As you know, PGA is heap and you can’t use the traditional huge pages, so you don’t consider it for calculations, but you may benefit from THP.  The number of THP used by the system is available using this command:

[oracle@obox ~]$ grep -i AnonHugePages /proc/meminfo
AnonHugePages: 253952 kB

Apart from this, we can check if any Oracle process is using THP. Just read /proc/PID/smaps and count the number of AnonHugePages for each mapping. Replace PID for whatever your dedicated process that handles the connection to database. I have found no AnonHugePages use, meaning that my PGA is probably not using it.

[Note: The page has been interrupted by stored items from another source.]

lemma closedin_bad_colorings:
  fixes C :: "('o, 'm) category"
  assumes cat: "is_category C" and "finite (Hom C A D)" and r: "r \<in> Hom C D F"
  shows "closedin (product_topology (\<lambda>_. discrete_topology {..<k}) (Hom C A F))
           (bad_colorings C F A B k t D r)"
proof -
  let ?J = "(\<lambda>h. comp C r h) ` Hom C A D"
  let ?T = "product_topology (\<lambda>_. discrete_topology {..<k}) (Hom C A F)"
  define P where "P chi \<longleftrightarrow>
    (\<forall>w\<in>Hom C B D. t < card (chi ` (\<lambda>f. comp C r (comp C w f)) ` Hom C A B))"
    for chi :: "'m \<Rightarrow> nat"
  have J: "finite ?J" "?J \<subseteq> Hom C A F"
    using assms(2) category_comp_closed[OF cat _ r] by auto
  have "P (restrict chi ?J) \<longleftrightarrow> P chi" for chi
  proof -
    have "restrict chi ?J ` (\<lambda>f. comp C r (comp C w f)) ` Hom C A B
          = chi ` (\<lambda>f. comp C r (comp C w f)) ` Hom C A B" if "w \<in> Hom C B D" for w
      using category_comp_closed[OF cat _ that] by (intro image_cong) auto
    then show ?thesis
      unfolding P_def by simp
  qed
  then have "bad_colorings C F A B k t D r = {chi \<in> topspace ?T. P (restrict chi ?J)}"
    unfolding bad_colorings_def P_def[symmetric] by simp
  moreover have "closedin ?T {chi \<in> topspace ?T. P (restrict chi ?J)}"
    by (rule closedin_product_discrete_topology_restrict[OF J])
  ultimately show ?thesis
    by simp
qed

lemma bad_colorings_antimono:
  assumes cat: "is_category C" and r: "r \<in> Hom C D F" and p: "p \<in> Hom C D' D"
  shows "bad_colorings C F A B k t D r \<subseteq> bad_colorings C F A B k t D' (comp C r p)"
proof -
  have "(\<lambda>f. comp C (comp C r p) (comp C w f)) ` Hom C A B
        = (\<lambda>f. comp C r (comp C (comp C p w) f)) ` Hom C A B" if w: "w \<in> Hom C B D'" for w
  proof (rule image_cong[OF refl])
    fix f assume f: "f \<in> Hom C A B"
    show "comp C (comp C r p) (comp C w f) = comp C r (comp C (comp C p w) f)"
      using category_comp_assoc[OF cat category_comp_closed[OF cat f w] p r]
        category_comp_assoc[OF cat f w p] by simp
  qed
  then show ?thesis
    using category_comp_closed[OF cat _ p] unfolding bad_colorings_def by fastforce
qed
lemma holomorphic_nonzero_exp_primitive:
  fixes F :: "complex \<Rightarrow> complex"
  assumes S: "convex S" "open S" and F: "F holomorphic_on S" "\<And>z. z \<in> S \<Longrightarrow> F z \<noteq> 0"
  obtains g where "\<And>z. z \<in> S \<Longrightarrow> (g has_field_derivative deriv F z / F z) (at z)"
    "\<And>z w. z \<in> S \<Longrightarrow> w \<in> S \<Longrightarrow> F w = F z * exp (g w - g z)"
proof -
  have "(\<lambda>z. deriv F z / F z) holomorphic_on S"
    using holomorphic_deriv[OF F(1) S(2)] F by (intro holomorphic_on_divide) auto
  then obtain g where g_within: "\<And>z. z \<in> S \<Longrightarrow> (g has_field_derivative (deriv F z / F z)) (at z within S)"
    using holomorphic_convex_primitive'[OF S] by blast
  have g: "(g has_field_derivative (deriv F z / F z)) (at z)" if "z \<in> S" for z
    using g_within[OF that] by (simp only: at_within_open[OF that S(2)])
  have "\<exists>c. \<forall>z\<in>S. F z * exp (- g z) = c"
  proof (rule has_field_derivative_zero_constant[OF S(1)])
    fix z assume z: "z \<in> S"
    have dF: "(F has_field_derivative deriv F z) (at z)"
      by (rule holomorphic_derivI[OF F(1) S(2) z])
    have "((\<lambda>z. exp (- g z)) has_field_derivative exp (- g z) * (- (deriv F z / F z))) (at z)"
      by (rule DERIV_chain2[OF DERIV_exp DERIV_minus[OF g[OF z]]])
    from DERIV_mult[OF dF this]
    have "((\<lambda>z. F z * exp (- g z)) has_field_derivative
             deriv F z * exp (- g z) + exp (- g z) * (- (deriv F z / F z)) * F z) (at z)" .
    also have "deriv F z * exp (- g z) + exp (- g z) * (- (deriv F z / F z)) * F z = 0"
      using F(2)[OF z] by (simp add: field_simps)
    finally show "((\<lambda>z. F z * exp (- g z)) has_field_derivative 0) (at z within S)"
      by (rule has_field_derivative_at_within)
  qed
  then obtain c where c: "\<And>z. z \<in> S \<Longrightarrow> F z * exp (- g z) = c" by blast
  have "F w = F z * exp (g w - g z)" if "z \<in> S" "w \<in> S" for z w
  proof -
    have "F w = F w * exp (- g w) * exp (g w)" by (simp add: exp_minus)
    also have "\<dots> = F z * exp (- g z) * exp (g w)" using c that by simp
    also have "\<dots> = F z * exp (g w - g z)" by (simp add: exp_diff exp_minus divide_inverse mult_ac)
    finally show ?thesis .
  qed
  with g show ?thesis by (rule that)
qed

[oracle@obox ~]$ cat /proc/25894/smaps | grep AnonHugePages
AnonHugePages: 0 kB
AnonHugePages: 0 kB
AnonHugePages: 0 kB
AnonHugePages: 0 kB
AnonHugePages: 0 kB
AnonHugePages: 0 kB
...

Since THP is enabled, /proc/vmstat has some counters to monitor how sucessfully system is providing huge pages for use:

[oracle@obox ~]$ cat /proc/vmstat | grep thp_
thp_fault_alloc 368
thp_fault_fallback 264
thp_collapse_alloc 301
thp_collapse_alloc_failed 2642
thp_split 222

thp_fault_alloc is incremented every time a huge page is allocated to handle a page fault, since we have a 386 times allocated a huge page means that we are actually are using THP. thp_fault_fallback indicates that kernel fails to allocated huge page and fallback to normal page size. Since vmstat is reporting THP use and this is just a machine that runs only an Oracle database, Oracle must be using THP somewhere.
This made me think and drill down every Oracle process and search for any use of THP. For that i’ve made a shell script that searchs all the PIDs from Oracle processes:

#!/bin/bash
for i in $(pgrep -f ora_)
do
   echo "PID:"$i
   cat /proc/$i/smaps | grep AnonHugePages | sort | uniq
done

#all dedicated servers processes

for i in $(pgrep -f oracleTN*)
do
   echo "PID:"$i
   cat /proc/$i/smaps | grep AnonHugePages | sort | uniq
done

The result is a little surprise for me. Let’s analyse:

PID:58223
AnonHugePages:         0 kB
AnonHugePages:      4096 kB
PID:58363
AnonHugePages:         0 kB
AnonHugePages:      2048 kB
PID:58365
AnonHugePages:         0 kB
AnonHugePages:      2048 kB

[oracle@obox ~]$ ps -ef | grep 58223
oracle   36939 18818  0 16:30 pts/0    00:00:00 grep 58223
oracle   58223     1  0 May06 ?        00:35:34 ora_dbw0_TNMSAM
[oracle@obox ~]$ ps -ef | grep 58363
oracle   36943 18818  0 16:31 pts/0    00:00:00 grep 58363
oracle   58363     1  0 May06 ?        00:05:08 ora_arc0_TNMSAM
[oracle@obox ~]$ ps -ef | grep 58365
oracle   36946 18818  0 16:31 pts/0    00:00:00 grep 58365
oracle   58365     1  0 May06 ?        00:05:05 ora_arc1_TNMSAM

According the results, DBWR and ARCH Oracle processes are using THP.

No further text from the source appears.